3 - The graph of $f$ is a line. Set $a$ to a value and use two points on the graph to find the slope of the line. Compare the value of the slope found to the value of parameter $a$. Do this for several values of $a$. What does $a$ represent?
4 - What is the domain of the linear function $f$?
5 - What is the range of function $f$ when parameter a is not equal to $0$? What is the range of $f$ when parameter $a$ is equal to $0$?

## Answers to the Above Questions

1 - If we set $x = 0$ in $f(x) = a x + b$, we obtain $f(0) = b$. The $y$ intercept of the graph of $f$ is the point with coordinates $(0 , b)$.
2 - If $a$ is positive, $f$ is an increasing function on the interval $(-\infty; , +\infty)$.
If $a$ is negative, $f$ is a decreasing function on the interval $(-\infty; , +\infty)$.
If $a$ is equal to $0$, $f$ is a constant function on the interval $(-\infty; , +\infty)$.

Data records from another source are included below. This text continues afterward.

lemma P_eq_mode_cart:
  assumes "4 * \<mu> + z\<^sup>2 = 0"
    and "c * ((of_nat n ^ 2 + z + z\<^sup>2) * bessel_entire n \<mu> +
      (of_nat n * bessel_entire n \<mu> - 2 * \<mu> * bessel_entire (Suc n) \<mu>)) = 0"
  shows "P_eq z (real_restrict (mode_cart n c \<mu>)) (\<lambda>_. 0) (\<lambda>_. 0)"
  unfolding P_eq_def
proof (intro conjI exI)
  let ?U = "real_restrict (mode_cart n c \<mu>)"
  show "dom_A ?U"
    by (rule dom_A_mode_cart)
  show "weak_lap ?U (laplacian ?U)"
    by (rule weak_lap_C2_partials[OF C2_partials_mode_cart])
  have "- laplacian ?U p + z\<^sup>2 * ?U p = (4 * \<mu> + z\<^sup>2) * ?U p" for p
    by (simp add: laplacian_mode_cart algebra_simps)
  then show "AE p in lborel. p \<in> Disk \<longrightarrow> - laplacian ?U p + z\<^sup>2 * ?U p = 0"
    using assms(1) by simp
  show "normal_deriv ?U (radial_deriv ?U)"
    by (rule normal_deriv_C2_partials[OF C2_partials_mode_cart])
  show "weak_d_circ 2 (bd ?U) (\<lambda>t. (\<i> * of_nat n) ^ 2 * (c * bessel_entire n \<mu>) * fourier_mode n t)"
    unfolding bd_mode_cart by (rule weak_d_circ_fourier_mode)
  have "- ((\<i> * of_nat n) ^ 2 * (c * bessel_entire n \<mu>) * fourier_mode n t) + radial_deriv ?U t
        + z * bd ?U t + z\<^sup>2 * bd ?U t =
      fourier_mode n t * (c * ((of_nat n ^ 2 + z + z\<^sup>2) * bessel_entire n \<mu> +
        (of_nat n * bessel_entire n \<mu> - 2 * \<mu> * bessel_entire (Suc n) \<mu>)))" for t
    unfolding radial_deriv_mode_cart bd_mode_cart by (simp add: power_mult_distrib algebra_simps)
  then show "AE t in lborel. t \<in> circ_par \<longrightarrow>
      - ((\<i> * of_nat n) ^ 2 * (c * bessel_entire n \<mu>) * fourier_mode n t) + radial_deriv ?U t
        + z * bd ?U t + z\<^sup>2 * bd ?U t = 0"
    using assms(2) by simp
qed

lemma mode_eq_mode_cart: "mode n lam = real_restrict (mode_cart n ((lam / 2) ^ n) (lam\<^sup>2 / 4))"
proof
  fix p :: pt
  obtain x y where p: "p = (x, y)" by fastforce
  define w where "w = Complex x y"
  define r where "r = cmod w"
  define E where "E = exp (\<i> * of_real (Arg w))"
  have polar: "complex_of_real r * E = of_real x + \<i> * of_real y"
    using rcis_cmod_Arg[of w] unfolding rcis_def cis_conv_exp E_def r_def w_def Complex_eq .
  have r2: "(complex_of_real r)\<^sup>2 = (of_real x)\<^sup>2 + (of_real y)\<^sup>2"
    unfolding r_def w_def complex_norm by (simp flip: of_real_power)
  have "mode n lam p = bessel_J n (lam * of_real r) * exp (\<i> * of_nat n * of_real (Arg w))"
    by (simp add: mode_def mode_polar_def p r_def w_def norm_Pair complex_norm)
  also have "\<dots> = (lam * of_real r / 2) ^ n * bessel_entire n ((lam * of_real r)\<^sup>2 / 4) * E ^ n"
    unfolding bessel_J_eq E_def by (simp flip: exp_of_nat_mult add: algebra_simps)
  also have "\<dots> = (lam / 2) ^ n * (of_real r * E) ^ n * bessel_entire n (lam\<^sup>2 / 4 * (of_real r)\<^sup>2)"
    by (simp add: power_mult_distrib field_simps)
  also have "\<dots> = real_restrict (mode_cart n ((lam / 2) ^ n) (lam\<^sup>2 / 4)) p"
    unfolding polar r2 by (simp add: real_restrict_def mode_cart_def p)
  finally show "mode n lam p = real_restrict (mode_cart n ((lam / 2) ^ n) (lam\<^sup>2 / 4)) p" .
qed

lemma mode_cart_not_AE_zero:
  assumes "c \<noteq> 0"
  shows "\<not> (AE p in lborel. p \<in> Disk \<longrightarrow> real_restrict (mode_cart n c \<mu>) p = 0)"
proof
  let ?U = "real_restrict (mode_cart n c \<mu>)"
  assume AE_zero: "AE p in lborel. p \<in> Disk \<longrightarrow> ?U p = 0"
  have "closed (?U -` {0})"
    by (rule closed_vimage[OF closed_singleton continuous_on_mode_cart(1)])
  then have zero: "?U p = 0" if "p \<in> Disk" for p
    using mem_closed_if_AE_lebesgue_open[of Disk "?U -` {0}" p] AE_completion[OF AE_zero] that
    by (simp add: Disk_def)
  define f where "f t = bessel_entire n (\<mu> * (complex_of_real t)\<^sup>2)" for t
  have "continuous_on UNIV f"
    unfolding f_def by (intro continuous_intros)
  moreover have "f 0 \<noteq> 0"
    by (simp add: f_def bessel_entire_0)
  ultimately obtain e where "e > 0" and e: "\<And>t. dist 0 t < e \<Longrightarrow> f t \<noteq> 0"
    using continuous_at_avoid[of 0 f 0] by (metis continuous_on_eq_continuous_at open_UNIV UNIV_I)
  define t where "t = min (e / 2) (1 / 2)"
  have "0 < t" "t < e" "t < 1"
    using \<open>e > 0\<close> by (auto simp: t_def)
  then have "(t, 0) \<in> Disk"
    by (simp add: Disk_iff abs_square_less_1)
  moreover have "?U (t, 0) = c * of_real t ^ n * f t"
    by (simp add: real_restrict_def mode_cart_def f_def)
  moreover have "f t \<noteq> 0"
    using e \<open>0 < t\<close> \<open>t < e\<close> by (simp add: dist_real_def)
  ultimately show False
    using zero assms \<open>0 < t\<close> by simp
qed

section \<open>The spectrum\<close>

lemma P_eq_zero: "P_eq z (\<lambda>_. 0) (\<lambda>_. 0) (\<lambda>_. 0)"
proof -
  have "P_eq z (real_restrict (mode_cart 0 0 (- z\<^sup>2 / 4))) (\<lambda>_. 0) (\<lambda>_. 0)"
    by (rule P_eq_mode_cart) simp_all
  moreover have "real_restrict (mode_cart 0 0 (- z\<^sup>2 / 4)) = (\<lambda>_. 0)"
    by (simp add: fun_eq_iff real_restrict_def mode_cart_def)
  ultimately show ?thesis
    by simp
qed

lemma in_spec_P_if_nontrivial_kernel:
  assumes "P_eq z U (\<lambda>_. 0) (\<lambda>_. 0)" and "\<not> (AE p in lborel. p \<in> Disk \<longrightarrow> U p = 0)"
  shows "z \<in> spec_P"
  unfolding spec_P_def P_invertible_def
proof clarify
  fix R :: "(pt \<Rightarrow> complex) \<Rightarrow> (real \<Rightarrow> complex) \<Rightarrow> pt \<Rightarrow> complex"
  assume "\<forall>u f g. inH f g \<longrightarrow> P_eq z u f g \<longrightarrow> eqH (R f g) (bd (R f g)) u (bd u)"
  moreover have "inH (\<lambda>_. 0) (\<lambda>_. 0)"
    unfolding inH_def by (intro conjI L2_on_continuous) (auto simp: Disk_def circ_par_def)
  ultimately have "eqH (R (\<lambda>_. 0) (\<lambda>_. 0)) (bd (R (\<lambda>_. 0) (\<lambda>_. 0))) U (bd U)"
    and "eqH (R (\<lambda>_. 0) (\<lambda>_. 0)) (bd (R (\<lambda>_. 0) (\<lambda>_. 0))) (\<lambda>_. 0) (bd (\<lambda>_. 0))"
    using assms(1) P_eq_zero by blast+
  then have "AE p in lborel. p \<in> Disk \<longrightarrow> R (\<lambda>_. 0) (\<lambda>_. 0) p = U p"
    and "AE p in lborel. p \<in> Disk \<longrightarrow> R (\<lambda>_. 0) (\<lambda>_. 0) p = 0"
    unfolding eqH_def by blast+
  then have "AE p in lborel. p \<in> Disk \<longrightarrow> U p = 0"
    by eventually_elim auto
  with assms(2) show False
    by contradiction
qed

theorem lemma3p18:
  fixes n :: nat and lam :: complex
  assumes "lam \<noteq> 0"
    and "(of_nat n ^ 2 + \<i> * lam - lam ^ 2) * bessel_J n lam + lam * deriv (bessel_J n) lam = 0"
  shows "\<i> * lam \<in> spec_P \<and> dom_A (mode n lam) \<and>
         \<not> eqH (mode n lam) (bd (mode n lam)) (\<lambda>_. 0) (\<lambda>_. 0) \<and>
         P_eq (\<i> * lam) (mode n lam) (\<lambda>_. 0) (\<lambda>_. 0)"
proof -
  define c \<mu> where "c = (lam / 2) ^ n" and "\<mu> = lam\<^sup>2 / 4"
  have mode: "mode n lam = real_restrict (mode_cart n c \<mu>)"
    unfolding c_def \<mu>_def by (rule mode_eq_mode_cart)
  have eigen: "4 * \<mu> + (\<i> * lam)\<^sup>2 = 0"
    by (simp add: \<mu>_def power_mult_distrib)
  have boundary: "c * ((of_nat n ^ 2 + \<i> * lam + (\<i> * lam)\<^sup>2) * bessel_entire n \<mu> +
      (of_nat n * bessel_entire n \<mu> - 2 * \<mu> * bessel_entire (Suc n) \<mu>)) = 0"
    using assms(2) unfolding bessel_J_eq[of n] bessel_J_deriv[unfolded bessel_J_eq]
    by (simp add: c_def \<mu>_def power_mult_distrib algebra_simps)
  have kernel: "P_eq (\<i> * lam) (mode n lam) (\<lambda>_. 0) (\<lambda>_. 0)"
    unfolding mode by (rule P_eq_mode_cart[OF eigen boundary])
  have nonzero: "\<not> (AE p in lborel. p \<in> Disk \<longrightarrow> mode n lam p = 0)"
    unfolding mode using assms(1) by (intro mode_cart_not_AE_zero) (simp add: c_def)
  show ?thesis
    using in_spec_P_if_nontrivial_kernel[OF kernel nonzero] kernel nonzero
      dom_A_mode_cart[of n c \<mu>] mode
    by (auto simp: eqH_def)
qed

end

3 - The graph of function $f$ is a line, hence the name linear function. Parameter $a$ represents the slope of this line.
4 - The domain of all linear functions is the set of all real numbers represented by the interval $(-\infty; , +\infty)$.
5 - If $a$ is not equal to $0$, the range of any linear function is the set of all real numbers represented by the interval $(-\infty; , +\infty)$.
If $a$ is equal to $0$, $f(x) = b$ is a constant function and its range is the set $\{b\}$.